# tile backer in a bath room and kitchen



## mikeybobo (Feb 18, 2007)

hello all, carpenter here renovating his own house. On all our jobs at work we have always used cement board as our tile backer and green board as the rock of choice in our baths. I'm ready to do my kitchen floor and baths, both going to have ceramic tile on the floors and bath 1/3 up the wall. I just wanted any suggestions or feedback on the other products out there being that our company has never used them. I see a lot of people talking about denssheild and densarmor. I'll be doing tile on the bathroom walls about 1/3 the way up and then painted walls, and tile on the bath floors and tile on the kitchen floors. Thanks all


----------



## SLSTech (Sep 13, 2008)

May I suggest pulling a search for this topic, along with the others that you have posted. The majority of your questions have been delved into in great depth in other threads. The HVAC one - maybe not. I hope you did get that pay raise you were looking for

For this one - check out Schluter systems


----------



## AARC Drywall (May 11, 2008)

for tile use densheild or hardi board, but hardi board is a lot harder to cut if you do not have the correcet tools, denshield is what we use, and its made for that application. Green board is no longer recommended for wet areas, so dont use it.


----------



## andeeznuts (Feb 21, 2008)

i use hardi board everywhere where tile is .i hate durock. In bathrooms i use blueboard with a plaster slick coat on it.


----------



## cleveman (Dec 28, 2007)

denshield is the way for me. and I would suggest not stopping in the baths at 1/3-go to the ceiling. and put a backsplash in your kitchen.


----------



## CambridgeAl (Nov 23, 2008)

hardi on the walls, ditra on the floors.


----------



## Brocktologist (Sep 16, 2008)

SLSTech said:


> May I suggest pulling a search for this topic, along with the others that you have posted. The majority of your questions have been delved into in great depth in other threads. I hope you did get that pay raise you were looking for
> 
> For this one -


http://www.albinoblacksheep.com/flash/posting


----------



## Mellison (Aug 3, 2008)

Always Hardibacker for me.
The sheers I use to cut it was one of the best tools I ever bought.


----------



## katttfishh (Jun 10, 2005)

What shears are you using?





Mellison said:


> Always Hardibacker for me.
> The sheers I use to cut it was one of the best tools I ever bought.


----------



## Winchester (Jun 29, 2008)

For all of you who use Densshield, is it waterproof? what about when you screw it down?
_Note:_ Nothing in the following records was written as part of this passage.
definition compatible :: "(nat \<times> nat) set \<Rightarrow> (nat \<times> nat) set \<Rightarrow> bool" where
  "compatible G1 G2 \<longleftrightarrow> (\<forall>I J M1 M2. perfect_matching_in G1 I J M1 \<and> perfect_matching_in G2 I J M2
       \<longrightarrow> M1 = M2)"

text \<open>A tope T : [n] -> [d-bar], identified with its graph {(i, T i)}.\<close>
definition is_tope :: "nat \<Rightarrow> nat \<Rightarrow> (nat \<times> nat) set \<Rightarrow> bool" where
  "is_tope n d T \<longleftrightarrow> is_graph n d T \<and> (\<forall>i\<in>{1..n}. \<exists>!j. (i, j) \<in> T)"

definition RD :: "(nat \<times> nat) set \<Rightarrow> nat \<Rightarrow> nat" where
  "RD G j = card {i. (i, j) \<in> G}"

text \<open>Lattice points of k Delta^{d-1}: vectors in Z_{>=0}^{[d-bar]} with coordinate sum k
  (as functions vanishing outside {1..d}).\<close>
definition lattice_point :: "nat \<Rightarrow> nat \<Rightarrow> (nat \<Rightarrow> nat) \<Rightarrow> bool" where
  "lattice_point d k v \<longleftrightarrow> (\<forall>j. j \<notin> {1..d} \<longrightarrow> v j = 0) \<and> (\<Sum>j\<in>{1..d}. v j) = k"

text \<open>u + e_j is written u(j := u j + 1); w - e_j (for w j >= 1) is w(j := w j - 1).\<close>

definition extended_tope_arrangement :: "nat \<Rightarrow> nat \<Rightarrow> ((nat \<Rightarrow> nat) \<Rightarrow> (nat \<times> nat) set) \<Rightarrow> bool" where
  "extended_tope_arrangement n d A \<longleftrightarrow>
     (\<forall>v. lattice_point d n v \<longrightarrow> is_tope n d (A v) \<and> RD (A v) = v) \<and>
     (\<forall>v w. lattice_point d n v \<and> lattice_point d n w \<longrightarrow> compatible (A v) (A w))"

end

theory Submission
  imports Defs
begin

text \<open>
  View a tope as a map from [n] to [d-bar]. Call a nonempty set Z of right vertices a rotation set
  for two maps f, g if every z in Z is f i for some i with g i in Z - {z}. Following z to g i
  inside Z closes a cycle in the union of the graphs of f and g, along which f and g induce two
  different perfect matchings. So there is no rotation set when the union is acyclic or the two
  graphs are compatible, and then two maps with the same right degrees are equal.

  Applied to the topes T_{u+e_x} of the star of u this gives rigidity: if T_{u+e_x} sends i to y,
  so does T_{u+e_y}; and if T_{u+e_x} sends l to x and T_{u+e_y} sends l to y, they agree off l.
  For a tope T in the star, induct on the number of left vertices where T differs from some
  T_{u+e_r}. Among them pick l minimising the difference between T_{u+e_{T l}} and T_{u+e_r}; then
  these two agree at all other such vertices. The tope X1 (T, but following T_{u+e_r} at l) and
  X2 (T at the other differences, T_{u+e_{T l}} elsewhere) have fewer differences from T_{u+e_r}
  resp. T_{u+e_{T l}}, so they lie in the arrangement by induction, and their graphs cover T.
  With p = T_{u+e_r}(l), the right degrees of X1, X2 and T are w - e_{T l}, w - e_r and w - e_p
  for w = RD(T) + e_p, so acyclicity at w forbids a rotation set for T_{RD(T)} and T.
\<close>

definition graph_on :: "nat set \<Rightarrow> (nat \<Rightarrow> nat) \<Rightarrow> (nat \<times> nat) set" where
  "graph_on L f = (\<lambda>i. (i, f i)) ` L"

lemma mem_graph_on [simp]: "(i, j) \<in> graph_on L f \<longleftrightarrow> i \<in> L \<and> j = f i"
  by (auto simp: graph_on_def)

lemma graph_on_cong: "(\<And>i. i \<in> L \<Longrightarrow> f i = g i) \<Longrightarrow> graph_on L f = graph_on L g"
  by (auto simp: graph_on_def)

definition fiber_card :: "nat set \<Rightarrow> (nat \<Rightarrow> nat) \<Rightarrow> nat \<Rightarrow> nat" where
  "fiber_card L f j = card {i \<in> L. f i = j}"

lemma RD_graph_on: "RD (graph_on L f) = fiber_card L f"
proof
  fix j
  have "{i. (i, j) \<in> graph_on L f} = {i \<in> L. f i = j}"
    by auto
  then show "RD (graph_on L f) j = fiber_card L f j"
    by (simp add: RD_def fiber_card_def)
qed

lemma fiber_card_cong: "(\<And>i. i \<in> L \<Longrightarrow> f i = g i) \<Longrightarrow> fiber_card L f = fiber_card L g"
  unfolding fiber_card_def by (intro ext arg_cong [where f = card]) auto

lemma fiber_card_eq_sum: "finite L \<Longrightarrow> fiber_card L f j = (\<Sum>i\<in>L. of_bool (f i = j))"
  by (simp add: fiber_card_def of_bool_def sum.If_cases Int_def)

lemma fiber_card_remove:
  assumes "finite L" and "i \<in> L"
  shows "fiber_card L f j = fiber_card (L - {i}) f j + of_bool (f i = j)"
  unfolding fiber_card_eq_sum [OF assms(1)] fiber_card_eq_sum [OF finite_Diff [OF assms(1)]]
  by (simp only: sum.remove [OF assms] add.commute)

lemma fiber_card_fun_upd:
  assumes "finite L" and "i \<in> L"
  shows "(fiber_card L (f(i := y)))(f i := fiber_card L (f(i := y)) (f i) + 1) =
    (fiber_card L f)(y := fiber_card L f y + 1)"
proof
  fix j
  have "fiber_card (L - {i}) (f(i := y)) j = fiber_card (L - {i}) f j"
    by (rule fun_cong [OF fiber_card_cong]) simp
  then show "((fiber_card L (f(i := y)))(f i := fiber_card L (f(i := y)) (f i) + 1)) j =
      ((fiber_card L f)(y := fiber_card L f y + 1)) j"
    using fiber_card_remove [OF assms, of "f(i := y)"] fiber_card_remove [OF assms, of f] by auto
qed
Just wondering. My supplier no longer carries cement board and delivered densshield to me this morning.


----------



## Mike Finley (Apr 28, 2004)

I wouldn't do anything beyond regular ole green board drywall for backer behind tile wainscotting in a bathroom. As long as the tile isn't going in a wet area that's all it needs. Doing more wouldn't be wrong, just like doubling up all the 2x4s in your walls wouldn't be wrong if you wanted to do it, but it isn't needed either. We would allow mastic behind that tile too.


----------